2. Hazard Alerts for Humans

AI whispers: “Pedestrian detected, closing rapidly.” My ego protests, but my foot instinctively eases off the gas. AI, the silent guardian, preventing a near miss. These systems use predictive algorithms to anticipate potential dangers before they become apparent to the driver. By analyzing sensor data, they can identify patterns and predict the behavior of other vehicles, pedestrians, and obstacles. These predictions are then communicated to the driver through intuitive alerts, giving them valuable extra seconds to react.

3. The Parking Fairy, But Digital

No need to rely on mystical strangers. An AI overlay highlights the perfect parking angle and barks “Erga!” through your speakers. Mom-approved. This feature would use a combination of sensors and spatial mapping to identify available parking spaces and guide the driver through the optimal maneuver. Real-time feedback, both visual and auditory, would provide precise instructions, effectively digitizing the "Erga!" guidance of Cairo's parking angels.

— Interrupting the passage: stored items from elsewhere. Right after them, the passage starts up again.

lemma order_qty_expectation: "expectation (order_qty n m Lplus TNS D L t) = muD"
proof -
  have "expectation (\<lambda>\<omega>. order_qty n m Lplus TNS D L t \<omega> - muD)
     = (\<Sum>k\<in>{0, 1, 2, 3}. expectation (lead_time_factor t k) * expectation (demand_factor t k))"
    unfolding order_qty_factor_sum by (rule expectation_sum_lead_time_demand(2)) (simp_all add: order_qty_factors)
  also have "\<dots> = 0"
    using lead_time_rv_integrable[OF lead_time_rv_L_hat_err]
    by (simp add: lead_time_factor_def demand_factor_def L_hat_err_expectation D_hat_err_expectation
        fixed_lead_order_dev_expectation)
  finally have "expectation (\<lambda>\<omega>. order_qty n m Lplus TNS D L t \<omega> - muD) = 0" .
  moreover have "integrable M (\<lambda>\<omega>. order_qty n m Lplus TNS D L t \<omega> - muD)"
    unfolding order_qty_factor_sum by (rule expectation_sum_lead_time_demand(1)) (simp_all add: order_qty_factors)
  then have "integrable M (\<lambda>\<omega>. (order_qty n m Lplus TNS D L t \<omega> - muD) + muD)"
    by (rule Bochner_Integration.integrable_add) simp
  then have "integrable M (order_qty n m Lplus TNS D L t)"
    by simp
  ultimately show ?thesis
    by (simp add: prob_space)
qed

lemma order_qty_variance:
  "variance (order_qty n m Lplus TNS D L t)
     = muD\<^sup>2 * (2 * sigmaL2 / (real m)\<^sup>2)
       + sigmaD2 * ((1 + muL / real n)\<^sup>2 + (muL / real n)\<^sup>2 - 2 * (1 + muL / real n) * (muL / real n) * rho ^ n)
       + 2 * (sigmaL2 / real m) * var_D_hat
       - 2 * (sigmaL2 / real m - sigmaL2 / (real m)\<^sup>2) * (var_D_hat - sigmaD2 * (1 - rho ^ n) / (real n)\<^sup>2)"
proof -
  have "variance (order_qty n m Lplus TNS D L t)
      = expectation (\<lambda>\<omega>. (\<Sum>k\<in>{0, 1, 2, 3}. lead_time_factor t k \<omega> * demand_factor t k \<omega>)\<^sup>2)"
    by (simp only: order_qty_expectation order_qty_factor_sum)
  also have "\<dots> = (\<Sum>k\<in>{0, 1, 2, 3}. \<Sum>l\<in>{0, 1, 2, 3}.
      expectation (\<lambda>\<omega>. lead_time_factor t k \<omega> * lead_time_factor t l \<omega>)
      * expectation (\<lambda>\<omega>. demand_factor t k \<omega> * demand_factor t l \<omega>))"
    by (rule expectation_square_sum_lead_time_demand) (simp_all add: order_qty_factors)
  also have "\<dots> = muD\<^sup>2 * (2 * sigmaL2 / (real m)\<^sup>2)
       + sigmaD2 * ((1 + muL / real n)\<^sup>2 + (muL / real n)\<^sup>2 - 2 * (1 + muL / real n) * (muL / real n) * rho ^ n)
       + 2 * (sigmaL2 / real m) * var_D_hat
       - 2 * (sigmaL2 / real m - sigmaL2 / (real m)\<^sup>2) * (var_D_hat - sigmaD2 * (1 - rho ^ n) / (real n)\<^sup>2)"
  proof -
    have "real m \<noteq> 0" "real n \<noteq> 0"
      using m n by simp_all
    have covariances:
      "expectation (\<lambda>\<omega>. L_hat_err (t - 1) \<omega> * L_hat_err t \<omega>) = sigmaL2 / real m - sigmaL2 / (real m)\<^sup>2"
      "expectation (\<lambda>\<omega>. D_hat_err (t - 1) \<omega> * D_hat_err t \<omega>) = var_D_hat - sigmaD2 * (1 - rho ^ n) / (real n)\<^sup>2"
      using L_hat_err_lag_covariance[of t] D_hat_err_lag_covariance[of t] by (simp_all add: mult.commute)
    \<comment> \<open>Every mixed term contains a factor \<open>E A\<^sub>s = 0\<close> or \<open>E B\<^sub>s = 0\<close>. What survives is
      \<open>\<mu>\<^sub>D\<^sup>2 E[(\<Delta>A)\<^sup>2] + E[W\<^sup>2] + E[A\<^sub>t\<^sup>2] E[B\<^sub>t\<^sup>2] + E[A\<^sub>t\<^sub>-\<^sub>1\<^sup>2] E[B\<^sub>t\<^sub>-\<^sub>1\<^sup>2] - 2 E[A\<^sub>t A\<^sub>t\<^sub>-\<^sub>1] E[B\<^sub>t B\<^sub>t\<^sub>-\<^sub>1]\<close>.\<close>
    show ?thesis
      using lead_time_rv_integrable[OF lead_time_rv_L_hat_err] demand_rv_integrable[OF demand_rv_D_hat_err]
        demand_rv_integrable[OF demand_rv_fixed_lead_order_dev]
      by (simp add: lead_time_factor_def demand_factor_def prob_space L_hat_err_expectation
          D_hat_err_expectation fixed_lead_order_dev_expectation L_hat_err_second_moment
          L_hat_err_diff_second_moment L_hat_err_lag_covariance D_hat_err_second_moment
          D_hat_err_lag_covariance fixed_lead_order_dev_second_moment covariances)
         (use \<open>real m \<noteq> 0\<close> \<open>real n \<noteq> 0\<close> in \<open>simp add: field_simps power2_eq_square\<close>)
  qed
  finally show ?thesis .
qed

end

lemma bullwhip_ratio_identity:
  fixes r p v sL muD muL N K :: real
  assumes "v \<noteq> 0" "N \<noteq> 0" "K \<noteq> 0" "r \<noteq> 1"
  defines "varD \<equiv> v * (N * (1 + r) / (1 - r) - 2 * r * (1 - p) / (1 - r)\<^sup>2) / N\<^sup>2"
  shows "(muD\<^sup>2 * (2 * sL / K\<^sup>2)
         + v * ((1 + muL / N)\<^sup>2 + (muL / N)\<^sup>2 - 2 * (1 + muL / N) * (muL / N) * p)
         + 2 * (sL / K) * varD - 2 * (sL / K - sL / K\<^sup>2) * (varD - v * (1 - p) / N\<^sup>2)) / v
    = 2 * sL / (N ^ 2 * K ^ 2) * (K * (1 - p) + N * (1 + r) / (1 - r) - (1 + r ^ 2) * (1 - p) / (1 - r) ^ 2)
      + 2 * sL * muD ^ 2 / (v * K ^ 2) + (2 * muL ^ 2 / N ^ 2 + 2 * muL / N) * (1 - p) + 1"
proof -
  define q where "q = 1 - r"
  have "q \<noteq> 0" "r = 1 - q"
    using assms(4) by (simp_all add: q_def)
  then show ?thesis
    unfolding varD_def \<open>r = 1 - q\<close> using assms(1-3)
    by (simp add: field_simps) (simp add: algebra_simps eval_nat_numeral)
qed

theorem theorem1:
  fixes M :: "'a measure"
    and eps D :: "int \<Rightarrow> 'a \<Rightarrow> real"
    and L :: "int \<Rightarrow> 'a \<Rightarrow> nat"
    and muD rho sigma2 muL sigmaL2 TNS :: real
    and Lplus n m :: nat
  assumes P: "prob_space M"
    and rho: "-1 < rho" "rho < 1"
    and eps_rv: "\<And>t. eps t \<in> borel_measurable M"
    and eps_L2: "\<And>t. integrable M (\<lambda>\<omega>. (eps t \<omega>)\<^sup>2)"
    and eps_mean: "\<And>t. prob_space.expectation M (eps t) = 0"
    and eps_var: "\<And>t. prob_space.variance M (eps t) = sigma2"
    and sigma2_pos: "0 < sigma2"
    and eps_id: "\<And>t. distr M borel (eps t) = distr M borel (eps 0)"
    and L_rv: "\<And>t. L t \<in> measurable M (count_space UNIV)"
    and L_range: "\<And>t \<omega>. \<omega> \<in> space M \<Longrightarrow> L t \<omega> \<le> Lplus"
    and L_id: "\<And>t. distr M (count_space UNIV) (L t) = distr M (count_space UNIV) (L 0)"
    and L_mean: "prob_space.expectation M (\<lambda>\<omega>. real (L 0 \<omega>)) = muL"
    and L_var: "prob_space.variance M (\<lambda>\<omega>. real (L 0 \<omega>)) = sigmaL2"
    and indep: "prob_space.indep_vars M (\<lambda>_. borel)
                  (\<lambda>i \<omega>. case i of Inl t \<Rightarrow> eps t \<omega> | Inr t \<Rightarrow> real (L t \<omega>)) UNIV"
    and indep_LD: "prob_space.indep_set M
          (sigma_sets (space M) (\<Union>t. {(\<lambda>\<omega>. real (L t \<omega>)) -` A \<inter> space M | A. A \<in> sets borel}))
          (sigma_sets (space M) ((\<Union>t. {eps t -` A \<inter> space M | A. A \<in> sets borel})
                                  \<union> (\<Union>t. {D t -` A \<inter> space M | A. A \<in> sets borel})))"
    and AR1: "prob_space.stationary_AR1 M muD rho eps D"
    and n: "n \<ge> 1" and m: "m \<ge> 1"
  shows "(\<forall>t. prob_space.variance M (order_qty n m Lplus TNS D L t)
              = prob_space.variance M (order_qty n m Lplus TNS D L 0))
       \<and> (\<forall>t. prob_space.variance M (order_qty n m Lplus TNS D L t) / prob_space.variance M (D t)
           = 2 * sigmaL2 / (real n ^ 2 * real m ^ 2)
               * (real m * (1 - rho ^ n) + real n * (1 + rho) / (1 - rho)
                  - (1 + rho ^ 2) * (1 - rho ^ n) / (1 - rho) ^ 2)
             + 2 * sigmaL2 * muD ^ 2 / ((sigma2 / (1 - rho ^ 2)) * real m ^ 2)
             + (2 * muL ^ 2 / real n ^ 2 + 2 * muL / real n) * (1 - rho ^ n) + 1)"
proof -
  interpret bullwhip_model M eps D L muD rho sigma2 muL sigmaL2 Lplus n m
    using P rho eps_rv eps_L2 eps_mean eps_var sigma2_pos L_rv L_range L_id L_mean L_var indep
      indep_LD AR1 n m
    by (intro bullwhip_model.intro bullwhip_model_axioms.intro)
  have "sigmaD2 \<noteq> 0" "real n \<noteq> 0" "real m \<noteq> 0" "rho \<noteq> 1"
    using sigmaD2_pos n m rho by simp_all
  note ratio = bullwhip_ratio_identity[OF this]
  show ?thesis
    unfolding order_qty_variance D_variance var_D_hat_def sigmaD2_eq[symmetric]
    by (intro conjI allI refl ratio)
qed

end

AI Should Augment Humans, Not Replace Us

Self-driving cars are like overachieving interns: great at rules, terrible at chaos. But humans? We thrive in Cairo’s ballet of honks and hand signals. We just need better tools:

  • Predictive honk detection (“Incoming road rage in 5 seconds!”). This system would analyze the acoustic properties of honks using machine learning. In Cairo, honks are a language. A friendly ‘beep-beep’ means ‘I exist!’ A prolonged ‘BEEEEEEP’ means ‘I’ve accepted my fate as a traffic ghost.

  • Lane-finder radar for roads where lanes are conceptual. This technology would use high-resolution mapping and real-time sensor data to create a virtual, navigable path, even on roads where lane markings are faded, obscured, or non-existent. Because in some places, 'lane' is less a painted line, and more a philosophical debate.

  • Traffic officer translator (“He’s waving you, not the bus!”). This feature could use image recognition and natural language processing to interpret the gestures and signals of traffic officers, providing drivers with clear, concise instructions, even in the most chaotic of intersections.

These tools wouldn't just be convenient; they'd be essential for navigating the complexities of modern driving, enhancing safety and reducing stress.

The Future of Driving? Think “Iron Man,” Not “Terminator”

AI doesn’t need to steal the wheel. Give us its X-ray vision, its spider-sense for potholes, and its encyclopedic knowledge of “is that a parking spot or a mirage?” Let humans handle the artistry—the intuition, the negotiation, the unspoken rules of places where GPS says “I give up.” We need a symbiotic relationship, where technology amplifies our abilities and compensates for our weaknesses, such as fatigue, distraction, and the inherent limitations of human perception. This collaboration would not only make driving safer but also more intuitive and enjoyable.

And if an AI ever replicates Cairo’s parking fairies? I’ll finally teach my mom to parallel park. Until then, I’ll keep dreaming of a world where my car shouts “Erga!” and a hologram gives me a thumbs up.

Let's demand these tools, and make driving safer and more intuitive for everyone.

TL;DR: Forget self-driving cars, give us their X-ray vision and spider-sense. Cairo proves humans rule the road, with a little 'Erga!' magic.